Under the FCC’s EEO Rule, all radio and television station employment units (“SEUs”), regardless of staff size, must afford equal opportunity to all qualified persons and practice nondiscrimination in employment.

In addition, those SEUs with five or more full-time employees (“Nonexempt SEUs”) must also comply with the FCC’s three-prong outreach requirements.  Specifically, Nonexempt SEUs must (i) broadly and inclusively disseminate information about every full-time job opening, except in exigent circumstances, (ii) send notifications of full-time job vacancies to referral organizations that have requested such notification, and (iii) earn a certain minimum number of EEO credits based on participation in various non-vacancy-specific outreach initiatives (“Menu Options”) suggested by the FCC, during each of the two-year segments (four segments total) that comprise a station’s eight-year license term.  These Menu Option initiatives include, for example, sponsoring job fairs, participating in job fairs, and having an internship program.
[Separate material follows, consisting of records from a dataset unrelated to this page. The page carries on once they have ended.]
lemma midrange_Bx_diff_le:
  fixes u :: "'a::metric_space \<Rightarrow> real"
  assumes geo: "geodesic_space TYPE('a)"
    and "0 \<le> \<rho> x" "0 \<le> \<rho> y"
    and BA: "Bx \<rho> x \<subseteq> A" "Bx \<rho> y \<subseteq> A"
    and A_diam: "\<And>a b. a \<in> A \<Longrightarrow> b \<in> A \<Longrightarrow> dist a b \<le> D"
    and \<omega>: "modulus_for D \<omega> u A" and \<omega>_concave: "concave_on {0..D} \<omega>"
    and bdd: "bdd_above (u ` Bx \<rho> y)" "bdd_below (u ` Bx \<rho> x)"
    and m_le: "max (dist x y) \<bar>\<rho> x - \<rho> y\<bar> \<le> D"
  shows "midrange u (Bx \<rho> x) - midrange u (Bx \<rho> y) \<le> \<omega> (max (dist x y) \<bar>\<rho> x - \<rho> y\<bar>)"
proof -
  \<comment> \<open>Capping the shifts at \<open>D\<close> keeps them in the domain of \<open>\<omega>\<close>; it costs nothing since
    distances within \<open>A\<close> are at most \<open>D\<close>.\<close>
  define a where "a = min (max 0 (dist x y + \<rho> x - \<rho> y)) D"
  define b where "b = min (max 0 (dist x y + \<rho> y - \<rho> x)) D"
  have "0 \<le> D" using m_le by (metis max.bounded_iff zero_le_dist order_trans)
  hence ab: "a \<in> {0..D}" "b \<in> {0..D}" by (auto simp: a_def b_def)
  have mono: "mono_on {0..D} \<omega>" using \<omega> by (auto simp: modulus_for_def modulus_def)
  have shift: "u z \<le> u z' + \<omega> c" if "z \<in> A" "z' \<in> A" "dist z z' \<le> c" "c \<in> {0..D}" for z z' c
  proof -
    have "\<bar>u z - u z'\<bar> \<le> \<omega> (dist z z')" using \<omega> that by (auto simp: modulus_for_def)
    moreover have "\<omega> (dist z z') \<le> \<omega> c" using that A_diam by (intro mono_onD[OF mono]) auto
    ultimately show ?thesis by linarith
  qed
  have "midrange u (Bx \<rho> x) - midrange u (Bx \<rho> y) \<le> (\<omega> a + \<omega> b) / 2"
  proof (rule midrange_diff_le[OF _ _ bdd])
    show "Bx \<rho> x \<noteq> {}" "Bx \<rho> y \<noteq> {}" using assms(2,3) by (auto simp: Bx_def)
  next
    fix z assume z: "z \<in> Bx \<rho> x"
    then obtain z' where z': "z' \<in> Bx \<rho> y" "dist z z' \<le> max 0 (dist x y + \<rho> x - \<rho> y)"
      using Bx_point_near_Bx[where \<rho>=\<rho> and x=x and y=y] geo assms(3) by blast
    with z BA A_diam have "dist z z' \<le> a" by (auto simp: a_def)
    with z z' BA ab show "\<exists>z'\<in>Bx \<rho> y. u z \<le> u z' + \<omega> a" by (blast intro: shift)
  next
    fix z' assume z': "z' \<in> Bx \<rho> y"
    then obtain z where z: "z \<in> Bx \<rho> x" "dist z' z \<le> max 0 (dist y x + \<rho> y - \<rho> x)"
      using Bx_point_near_Bx[where \<rho>=\<rho> and x=y and y=x] geo assms(2) by blast
    with z' BA A_diam have "dist z z' \<le> b" by (auto simp: b_def dist_commute)
    with z z' BA ab show "\<exists>z\<in>Bx \<rho> x. u z \<le> u z' + \<omega> b" by (blast intro: shift)
  qed
  also have "\<dots> \<le> \<omega> ((a + b) / 2)" using concave_on_midpoint[OF \<omega>_concave ab] by simp
  also have "\<dots> \<le> \<omega> (max (dist x y) \<bar>\<rho> x - \<rho> y\<bar>)"
  proof (rule mono_onD[OF mono])
    show "(a + b) / 2 \<le> max (dist x y) \<bar>\<rho> x - \<rho> y\<bar>"
      by (simp add: a_def b_def max_def min_def abs_if split: if_splits)
  qed (use ab m_le in auto)
  finally show ?thesis .
qed

lemma abs_midrange_Bx_diff_le:
  fixes u :: "'a::metric_space \<Rightarrow> real"
  assumes geo: "geodesic_space TYPE('a)"
    and "0 \<le> \<rho> x" "0 \<le> \<rho> y"
    and "Bx \<rho> x \<subseteq> A" "Bx \<rho> y \<subseteq> A"
    and "\<And>a b. a \<in> A \<Longrightarrow> b \<in> A \<Longrightarrow> dist a b \<le> D"
    and "modulus_for D \<omega> u A" "concave_on {0..D} \<omega>"
    and "bdd_above (u ` A)" "bdd_below (u ` A)"
    and "max (dist x y) \<bar>\<rho> x - \<rho> y\<bar> \<le> D"
  shows "\<bar>midrange u (Bx \<rho> x) - midrange u (Bx \<rho> y)\<bar> \<le> \<omega> (max (dist x y) \<bar>\<rho> x - \<rho> y\<bar>)"
proof -
  have bdd: "bdd_above (u ` Bx \<rho> z)" "bdd_below (u ` Bx \<rho> z)" if "Bx \<rho> z \<subseteq> A" for z
    using assms(9,10) that by (meson bdd_above_mono bdd_below_mono image_mono)+
  have "max (dist y x) \<bar>\<rho> y - \<rho> x\<bar> = max (dist x y) \<bar>\<rho> x - \<rho> y\<bar>"
    by (simp add: dist_commute abs_minus_commute)
  moreover have "midrange u (Bx \<rho> x) - midrange u (Bx \<rho> y) \<le> \<omega> (max (dist x y) \<bar>\<rho> x - \<rho> y\<bar>)"
    by (rule midrange_Bx_diff_le) (use assms bdd in auto)
  moreover have "midrange u (Bx \<rho> y) - midrange u (Bx \<rho> x) \<le> \<omega> (max (dist y x) \<bar>\<rho> y - \<rho> x\<bar>)"
    by (rule midrange_Bx_diff_le) (use assms bdd in \<open>auto simp: dist_commute abs_minus_commute\<close>)
  ultimately show ?thesis by (simp add: abs_le_iff)
qed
Nonexempt SEUs must prepare and place their Annual EEO Public File Report in the Public Inspection Files and on the websites of all stations comprising the SEU (if they have a website) by the anniversary date of the filing deadline for that station’s license renewal application.  The Annual EEO Public File Report summarizes the SEU’s EEO activities during the previous 12 months, and the licensee must maintain adequate records to document those activities.

For a detailed description of the EEO Rule and practical assistance in preparing a compliance plan, broadcasters should consult The FCC’s Equal Employment Opportunity Rules and Policies – A Guide for Broadcasters published by Pillsbury’s Communications Practice Group.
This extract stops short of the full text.